## What you have to do
Every line from the beginning of the records below up to the one holding "by (simp add: mpowi_succ[OF assms(3)]" should be quoted exactly; leave out the rest.

## Stored items
********

text \<open>The time step commutes with \<open>S\<close>, being a rational function of it.\<close>
lemma time_step_commute:
  assumes iS: "invertible S" and iW: "invertible (mat 1 - cscale e (mat 1 - S))"
  shows "S ** time_step e S = time_step e S ** S"
proof -
  let ?P = "mat 1 + cscale e (mat 1 - matrix_inv S)" and ?W = "mat 1 - cscale e (mat 1 - S)"
  have cW: "S ** matrix_inv ?W = matrix_inv ?W ** S"
    using matrix_inv_commute[OF iW, of S] by (simp add: matrix_ring_simps)
  have cP: "S ** ?P = ?P ** S" by (simp add: matrix_ring_simps matrix_inv_right[OF iS] matrix_inv_left[OF iS])
  have "time_step e S ** S = ?P ** (matrix_inv ?W ** S)" by (simp add: time_step_def matrix_mul_assoc)
  also have "\<dots> = (?P ** S) ** matrix_inv ?W" by (simp only: matrix_mul_assoc[symmetric] cW[symmetric])
  also have "\<dots> = S ** time_step e S" by (simp add: cP[symmetric] time_step_def matrix_mul_assoc)
  finally show ?thesis by simp
qed

lemma discrete_phase_mpowi:
  assumes "invertible S" "invertible (mat 1 - cscale e (mat 1 - S))" "invertible (time_step e S)"
  shows "discrete_phase S (\<lambda>x t. mpowi S x ** mpowi (time_step e S) t) e"
proof -
  note c = time_step_commute[OF assms(1,2)]
  show ?thesis
  proof
    fix x t :: int
    show "mpowi S (x + 1) ** mpowi (time_step e S) t = S ** (mpowi S x ** mpowi (time_step e S) t)"
      by (simp add: mpowi_succ[OF assms(1)] matrix_mul_assoc)
    show "mpowi S x ** mpowi (time_step e S) (t + 1) = time_step e S ** (mpowi S x ** mpowi (time_step e S) t)"
      using mpowi_commute[OF assms(1) c, of x]
      by (simp add: mpowi_succ[OF assms(3)] matrix_mul_assoc)
    show "S ** (mpowi S x ** mpowi (time_step e S) t) = mpowi S x ** mpowi (time_step e S) t ** S"
      by (rule mpowi_product_commute[OF assms(1,3) c])
    show "invertible (mpowi S x ** mpowi (time_step e S) t)"
      by (simp add: invertible_mult invertible_mpowi assms)
  qed (use assms in auto)
qed
definition decays_at_least :: "(real \<Rightarrow> real) \<Rightarrow> real \<Rightarrow> bool" where
  "decays_at_least X r \<longleftrightarrow> (\<forall>\<epsilon>>0. \<exists>A>0. \<forall>t\<ge>0. X t \<le> A * exp ((r + \<epsilon>) * t))"

definition decays_at_most :: "(real \<Rightarrow> real) \<Rightarrow> real \<Rightarrow> bool" where
  "decays_at_most X r \<longleftrightarrow> (\<forall>\<epsilon>>0. \<exists>a>0. \<forall>t\<ge>0. X t \<ge> a * exp ((r - \<epsilon>) * t))"

definition decays_with_rate :: "(real \<Rightarrow> real) \<Rightarrow> real \<Rightarrow> bool" where
  "decays_with_rate X r \<longleftrightarrow> decays_at_least X r \<and> decays_at_most X r"

end

theory Submission imports Defs begin

(*
  Write X t = D_e(t) and q t = |Q_e(t)| for a fixed edge e = {u,v}.  Then X solves the
  relaxation equation X' = q - X, and the proof has two independent parts.

  (1) Analysis of the relaxation equation.  Multiplying by the weight exp((1-k) t) turns a
      one-sided bound q <= k X into monotonicity of X t exp((1-k) t).  With k = 0 this gives
      X t >= X 0 exp(-t) when q >= 0 and X <= max 1 (X 0) when q <= 1; with k = eps it gives
      X t <= C exp((-1+eps) t) as soon as q <= eps X eventually.
  (2) Electrical facts.  By Kirchhoff's law the net flow leaving the super-level set
      {x. p x >= p a} equals the supply it contains, which is at most 1; hence every single
      current satisfies |Q_e| <= 1.  Moreover |Q_e| = |p_u - p_v| D_e / L_e, so on a
      horizontal edge q <= eps X eventually, for every eps > 0.
*)

text \<open>A one-sided version of the monotonicity criterion: derivatives are only taken within
  the closed interval, as the Physarum equation only holds within the half line.\<close>
lemma nondecreasing_if_deriv_nonneg_within:
  fixes f d :: "real \<Rightarrow> real"
  assumes ab: "a \<le> b"
    and der: "\<And>x. a \<le> x \<Longrightarrow> x \<le> b \<Longrightarrow> (f has_real_derivative d x) (at x within {a..b})"
    and nonneg: "\<And>x. a \<le> x \<Longrightarrow> x \<le> b \<Longrightarrow> d x \<ge> 0"
  shows "f a \<le> f b"
proof -
  have "\<And>x. a \<le> x \<Longrightarrow> x \<le> b \<Longrightarrow> (f has_derivative (\<lambda>h. d x * h)) (at x within {a..b})"
    using der by (simp add: has_field_derivative_def)
  from mvt_very_simple[OF ab this] obtain x where "x \<in> {a..b}" "f b - f a = d x * (b - a)"
    by auto
  moreover have "d x * (b - a) \<ge> 0" using nonneg[of x] ab \<open>x \<in> {a..b}\<close> by simp
  ultimately show ?thesis by linarith
qed

section \<open>The relaxation equation X' = q - X\<close>

text \<open>Comparison principle: if q \<le> k X on [T, t], the weighted quantity X \<tau> exp((1-k) \<tau>)
  does not increase on [T, t], because its derivative is (q - k X) exp((1-k) \<tau>).\<close>
lemma relaxation_weighted_antitone:
  fixes X q :: "real \<Rightarrow> real"
  assumes der: "\<And>t. t \<ge> 0 \<Longrightarrow> (X has_real_derivative (q t - X t)) (at t within {0..})"
    and T: "0 \<le> T" "T \<le> t"
    and q_le: "\<And>\<tau>. T \<le> \<tau> \<Longrightarrow> \<tau> \<le> t \<Longrightarrow> q \<tau> \<le> k * X \<tau>"
  shows "X t * exp ((1 - k) * t) \<le> X T * exp ((1 - k) * T)"
proof -
  have "- X T * exp ((1 - k) * T) \<le> - X t * exp ((1 - k) * t)"
  proof (rule nondecreasing_if_deriv_nonneg_within
      [where d = "\<lambda>\<tau>. (k * X \<tau> - q \<tau>) * exp ((1 - k) * \<tau>)", OF T(2)])
    fix x assume x: "T \<le> x" "x \<le> t"
    have "(X has_real_derivative (q x - X x)) (at x within {T..t})"
      by (rule has_field_derivative_subset[OF der]) (use x T in auto)
    then show "((\<lambda>\<tau>. - X \<tau> * exp ((1 - k) * \<tau>)) has_real_derivative
        (k * X x - q x) * exp ((1 - k) * x)) (at x within {T..t})"
      by (auto intro!: derivative_eq_intros simp: algebra_simps)
    show "0 \<le> (k * X x - q x) * exp ((1 - k) * x)" using q_le[of x] x by simp
  qed
  then show ?thesis by simp
qed

lemma relaxation_lower_bound:
  fixes X q :: "real \<Rightarrow> real"
  assumes der: "\<And>t. t \<ge> 0 \<Longrightarrow> (X has_real_derivative (q t - X t)) (at t within {0..})"
    and q_nonneg: "\<And>t. t \<ge> 0 \<Longrightarrow> q t \<ge> 0" and t: "t \<ge> 0"
  shows "X 0 * exp (- t) \<le> X t"
proof -
  have "((\<lambda>\<tau>. - X \<tau>) has_real_derivative (- q \<tau> - - X \<tau>)) (at \<tau> within {0..})"
    if "\<tau> \<ge> 0" for \<tau>
    using der[OF that] by (auto intro!: derivative_eq_intros)
  from relaxation_weighted_antitone[OF this order_refl t, of 0] q_nonneg
  have "X 0 \<le> X t * exp t" by simp
  then show ?thesis by (simp add: exp_minus field_simps)
qed

text \<open>A source bounded by 1 keeps X below max 1 (X 0): apply the comparison to X - 1.\<close>
lemma relaxation_upper_bound:
  fixes X q :: "real \<Rightarrow> real"
  assumes der: "\<And>t. t \<ge> 0 \<Longrightarrow> (X has_real_derivative (q t - X t)) (at t within {0..})"
    and q_le: "\<And>t. t \<ge> 0 \<Longrightarrow> q t \<le> 1" and t: "t \<ge> 0"
  shows "X t \<le> max 1 (X 0)"
proof -
  have "((\<lambda>\<tau>. X \<tau> - 1) has_real_derivative ((q \<tau> - 1) - (X \<tau> - 1))) (at \<tau> within {0..})"
    if "\<tau> \<ge> 0" for \<tau>
    using der[OF that] by (auto intro!: derivative_eq_intros)
  from relaxation_weighted_antitone[OF this order_refl t, of 0] q_le
  have weighted: "(X t - 1) * exp t \<le> X 0 - 1" by simp
  show ?thesis
  proof (cases "X t \<le> 1")
    case False
    then have "X t - 1 \<le> (X t - 1) * exp t" using t by (simp add: mult_le_cancel_left1)
    then show ?thesis using weighted by simp
  qed simp
qed

lemma decays_at_most_if_exp_lower_bound:
  assumes a: "a > 0" and lower: "\<And>t. t \<ge> 0 \<Longrightarrow> a * exp (r * t) \<le> X t"
  shows "decays_at_most X r"
  unfolding decays_at_most_def
proof (intro allI impI exI[of _ a] conjI a)
  fix \<epsilon> t :: real assume "\<epsilon> > 0" "t \<ge> 0"
  then have "exp ((r - \<epsilon>) * t) \<le> exp (r * t)" by (simp add: algebra_simps)
  then have "a * exp ((r - \<epsilon>) * t) \<le> a * exp (r * t)" using a by simp
  then show "a * exp ((r - \<epsilon>) * t) \<le> X t" using lower[OF \<open>t \<ge> 0\<close>] by linarith
qed

text \<open>A bounded quantity that eventually obeys an exponential bound obeys one globally,
  with a larger constant: on the bounded initial interval [0, T] the exponential stays
  above exp (- |r| T).\<close>
lemma exp_bound_from_eventual_bound:
  fixes X :: "real \<Rightarrow> real"
  assumes bounded: "\<And>t. t \<ge> 0 \<Longrightarrow> X t \<le> M"
    and eventual: "\<And>t. t \<ge> 0 \<Longrightarrow> T \<le> t \<Longrightarrow> X t \<le> C * exp (r * t)"
  shows "\<exists>A>0. \<forall>t\<ge>0. X t \<le> A * exp (r * t)"
proof (intro exI[of _ "max 1 (max C (M * exp (\<bar>r\<bar> * T)))"] conjI allI impI)
  define A where "A = max 1 (max C (M * exp (\<bar>r\<bar> * T)))"
  show "A > 0" by (simp add: A_def)
  fix t :: real assume t: "t \<ge> 0"
  show "X t \<le> A * exp (r * t)"
  proof (cases "T \<le> t")
    case True
    have "C * exp (r * t) \<le> A * exp (r * t)" by (simp add: A_def)
    then show ?thesis using eventual[OF t True] by linarith
  next
    case False
    have "- \<bar>r\<bar> * T \<le> - \<bar>r\<bar> * t" using False by (simp add: mult_left_mono)
    also have "\<dots> \<le> r * t" using t by (intro mult_right_mono) auto
    finally have "exp (- \<bar>r\<bar> * T) \<le> exp (r * t)" by simp
    then have "M * exp (\<bar>r\<bar> * T) * exp (- \<bar>r\<bar> * T) \<le> A * exp (r * t)"
      by (intro mult_mono) (auto simp: A_def)
    moreover have "exp (\<bar>r\<bar> * T) * exp (- \<bar>r\<bar> * T) = 1" by (simp flip: exp_add)
    ultimately have "M \<le> A * exp (r * t)" by (simp add: mult.assoc)
    then show ?thesis using bounded[OF t] by linarith
  qed
qed
lemma independent_vectors_dual_basis:
  fixes v :: "'n \<Rightarrow> 'a::field^'n"
  assumes indep: "\<forall>c. (\<Sum>i\<in>UNIV. c i *s v i) = 0 \<longrightarrow> (\<forall>i. c i = 0)"
  obtains w :: "'n \<Rightarrow> 'a^'n" where "\<And>i j. vec_dot (w i) (v j) = (if i = j then 1 else 0)"
    and "\<And>z. z = (\<Sum>i\<in>UNIV. vec_dot (w i) z *s v i)"
proof -
  define V :: "'a^'n^'n" where "V = (\<chi> i j. v j $ i)"
  have col: "Finite_Cartesian_Product.column j V = v j" for j
    by (simp add: V_def Finite_Cartesian_Product.column_def vec_eq_iff)
  have "\<exists>W. W ** V = mat 1"
    unfolding matrix_left_invertible_independent_columns col using indep by blast
  then obtain W where WV: "W ** V = mat 1" ..
  then have VW: "V ** W = mat 1" by (simp add: matrix_left_right_inverse)
  show ?thesis
  proof (rule that[of "\<lambda>i. W $ i"])
    fix i j
    have "vec_dot (W $ i) (v j) = (W ** V) $ i $ j"
      by (simp add: vec_dot_def matrix_matrix_mult_def V_def)
    then show "vec_dot (W $ i) (v j) = (if i = j then 1 else 0)" by (simp add: WV mat_def)
  next
    fix z
    have "z = V *v (W *v z)" by (simp add: matrix_vector_mul_assoc VW)
    also have "\<dots> = (\<Sum>i\<in>UNIV. (W *v z) $ i *s v i)" by (simp add: matrix_mult_sum col)
    finally show "z = (\<Sum>i\<in>UNIV. vec_dot (W $ i) z *s v i)"
      by (simp add: matrix_vector_mult_def vec_dot_def)
  qed
qed

lemma dual_basis_left_eigenvector:
  fixes M :: "'a::comm_ring_1^'n^'n" and v w :: "'n \<Rightarrow> 'a^'n"
  assumes dual: "\<And>i j. vec_dot (w i) (v j) = (if i = j then 1 else 0)"
    and expand: "\<And>z. z = (\<Sum>i\<in>UNIV. vec_dot (w i) z *s v i)"
    and eig: "\<And>j. M *v v j = lam j *s v j"
  shows "w i v* M = lam i *s w i"
proof (rule vec_eq_if_vec_dot_eq)
  fix z
  have "vec_dot (w i v* M) z = vec_dot (w i) (M *v (\<Sum>j\<in>UNIV. vec_dot (w j) z *s v j))"
    by (simp add: vec_dot_matrix_vector_mult flip: expand)
  also have "\<dots> = (\<Sum>j\<in>UNIV. (vec_dot (w j) z * lam j) * vec_dot (w i) (v j))"
    by (simp add: matrix_vector_mult_sum_scale eig vec_dot_sum_right ac_simps)
  also have "\<dots> = vec_dot (lam i *s w i) z"
    by (simp add: dual vec_dot_scale_left if_distrib cong: if_cong)
  finally show "vec_dot (w i v* M) z = vec_dot (lam i *s w i) z" .
qed
(* Let $(k,|\cdot|)$ be a complete non-Archimedean field of characteristic $p>0$ with nontrivial value group. The following are equivalent: (i) $K_n(k)$ is Frobenius split for each integer $n>0$; (ii) $K_n(k)$ has a nonzero $p^{-1}$-linear map for each integer $n>0$; (iii) there exists an integer $n>0$ for which $K_n(k)$ has a nonzero $p^{-1}$-linear map; (iv) $K_1(k)$ has a nonzero $p^{-1}$-linear map; (v) $K_1(k)$ is Frobenius split; (vi) there exists a nonzero continuous $k$-linear map $f\colon k^{1/p}\to k$.
   Context: A non-Archimedean field is a field with a multiplicative absolute value satisfying the ultrametric inequality, assumed complete and with nontrivial value group. The convergent power series ring $K_n(k)=k\langle X_1,\dots,X_n\rangle$ is the subring of $k[[X_1,\dots,X_n]]$ of series $\sum_{\nu}a_\nu X^\nu$ for which there exist real $r_1,\dots,r_n>0$ and $M>0$ with $|a_\nu|r_1^{\nu_1}\cdots r_n^{\nu_n}\le M$ for all $\nu\in\mathbb{Z}_{\ge0}^n$. For a ring $R$ of characteristic $p$, a $p^{-1}$-linear map is an $R$-linear map $F_{R*}R\to R$, where $F_{R*}R$ is $R$ with module structure $r\cdot x=r^px$; $R$ is Frobenius split if some such map sends $1$ to $1$. $k^{1/p}$ carries the unique absolute value extending that of $k$; continuity refers to the metric topologies. *)

theory Defs
  imports Complex_Main "HOL-Computational_Algebra.Primes" "HOL-Algebra.Ring"
begin

definition nonarch_abs :: "('k::field \<Rightarrow> real) \<Rightarrow> bool" where
  "nonarch_abs absv \<longleftrightarrow>
     (\<forall>x. absv x \<ge> 0) \<and> (\<forall>x. absv x = 0 \<longleftrightarrow> x = 0) \<and>
     (\<forall>x y. absv (x * y) = absv x * absv y) \<and>
     (\<forall>x y. absv (x + y) \<le> max (absv x) (absv y))"

definition abs_complete :: "('k::field \<Rightarrow> real) \<Rightarrow> bool" where
  "abs_complete absv \<longleftrightarrow>
     (\<forall>X :: nat \<Rightarrow> 'k.
        (\<forall>e>0. \<exists>N. \<forall>m\<ge>N. \<forall>n\<ge>N. absv (X m - X n) < e) \<longrightarrow>
        (\<exists>L. \<forall>e>0. \<exists>N. \<forall>n\<ge>N. absv (X n - L) < e))"

definition nontrivial_value_group :: "('k::field \<Rightarrow> real) \<Rightarrow> bool" where
  "nontrivial_value_group absv \<longleftrightarrow> (\<exists>x. absv x \<noteq> 0 \<and> absv x \<noteq> 1)"

text \<open>Multi-indices in Z_{>=0}^n are functions nat => nat vanishing at all i >= n.
  A power series is a coefficient function on multi-indices, zero off these.\<close>

definition idx :: "nat \<Rightarrow> (nat \<Rightarrow> nat) set" where
  "idx n = {\<nu>. \<forall>i\<ge>n. \<nu> i = 0}"

definition conv_series :: "('k::field \<Rightarrow> real) \<Rightarrow> nat \<Rightarrow> ((nat \<Rightarrow> nat) \<Rightarrow> 'k) set" where
  "conv_series absv n =
     {a. (\<forall>\<nu>. \<nu> \<notin> idx n \<longrightarrow> a \<nu> = 0) \<and>
         (\<exists>r :: nat \<Rightarrow> real. (\<forall>i<n. r i > 0) \<and>
            (\<exists>M>0. \<forall>\<nu>\<in>idx n. absv (a \<nu>) * (\<Prod>i<n. r i ^ \<nu> i) \<le> M))}"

********

## Answer section
text \<open>The time step commutes with \<open>S\<close>, being a rational function of it.\<close>
lemma time_step_commute:
  assumes iS: "invertible S" and iW: "invertible (mat 1 - cscale e (mat 1 - S))"
  shows "S ** time_step e S = time_step e S ** S"
proof -
  let ?P = "mat 1 + cscale e (mat 1 - matrix_inv S)" and ?W = "mat 1 - cscale e (mat 1 - S)"
  have cW: "S ** matrix_inv ?W = matrix_inv ?W ** S"
    using matrix_inv_commute[OF iW, of S] by (simp add: matrix_ring_simps)
  have cP: "S ** ?P = ?P ** S" by (simp add: matrix_ring_simps matrix_inv_right[OF iS] matrix_inv_left[OF iS])
  have "time_step e S ** S = ?P ** (matrix_inv ?W ** S)" by (simp add: time_step_def matrix_mul_assoc)
  also have "\<dots> = (?P ** S) ** matrix_inv ?W" by (simp only: matrix_mul_assoc[symmetric] cW[symmetric])
  also have "\<dots> = S ** time_step e S" by (simp add: cP[symmetric] time_step_def matrix_mul_assoc)
  finally show ?thesis by simp
qed

lemma discrete_phase_mpowi:
  assumes "invertible S" "invertible (mat 1 - cscale e (mat 1 - S))" "invertible (time_step e S)"
  shows "discrete_phase S (\<lambda>x t. mpowi S x ** mpowi (time_step e S) t) e"
proof -
  note c = time_step_commute[OF assms(1,2)]
  show ?thesis
  proof
    fix x t :: int
    show "mpowi S (x + 1) ** mpowi (time_step e S) t = S ** (mpowi S x ** mpowi (time_step e S) t)"
      by (simp add: mpowi_succ[OF assms(1)] matrix_mul_assoc)
    show "mpowi S x ** mpowi (time_step e S) (t + 1) = time_step e S ** (mpowi S x ** mpowi (time_step e S) t)"
      using mpowi_commute[OF assms(1) c, of x]
      by (simp add: mpowi_succ[OF assms(3)] matrix_mul_assoc)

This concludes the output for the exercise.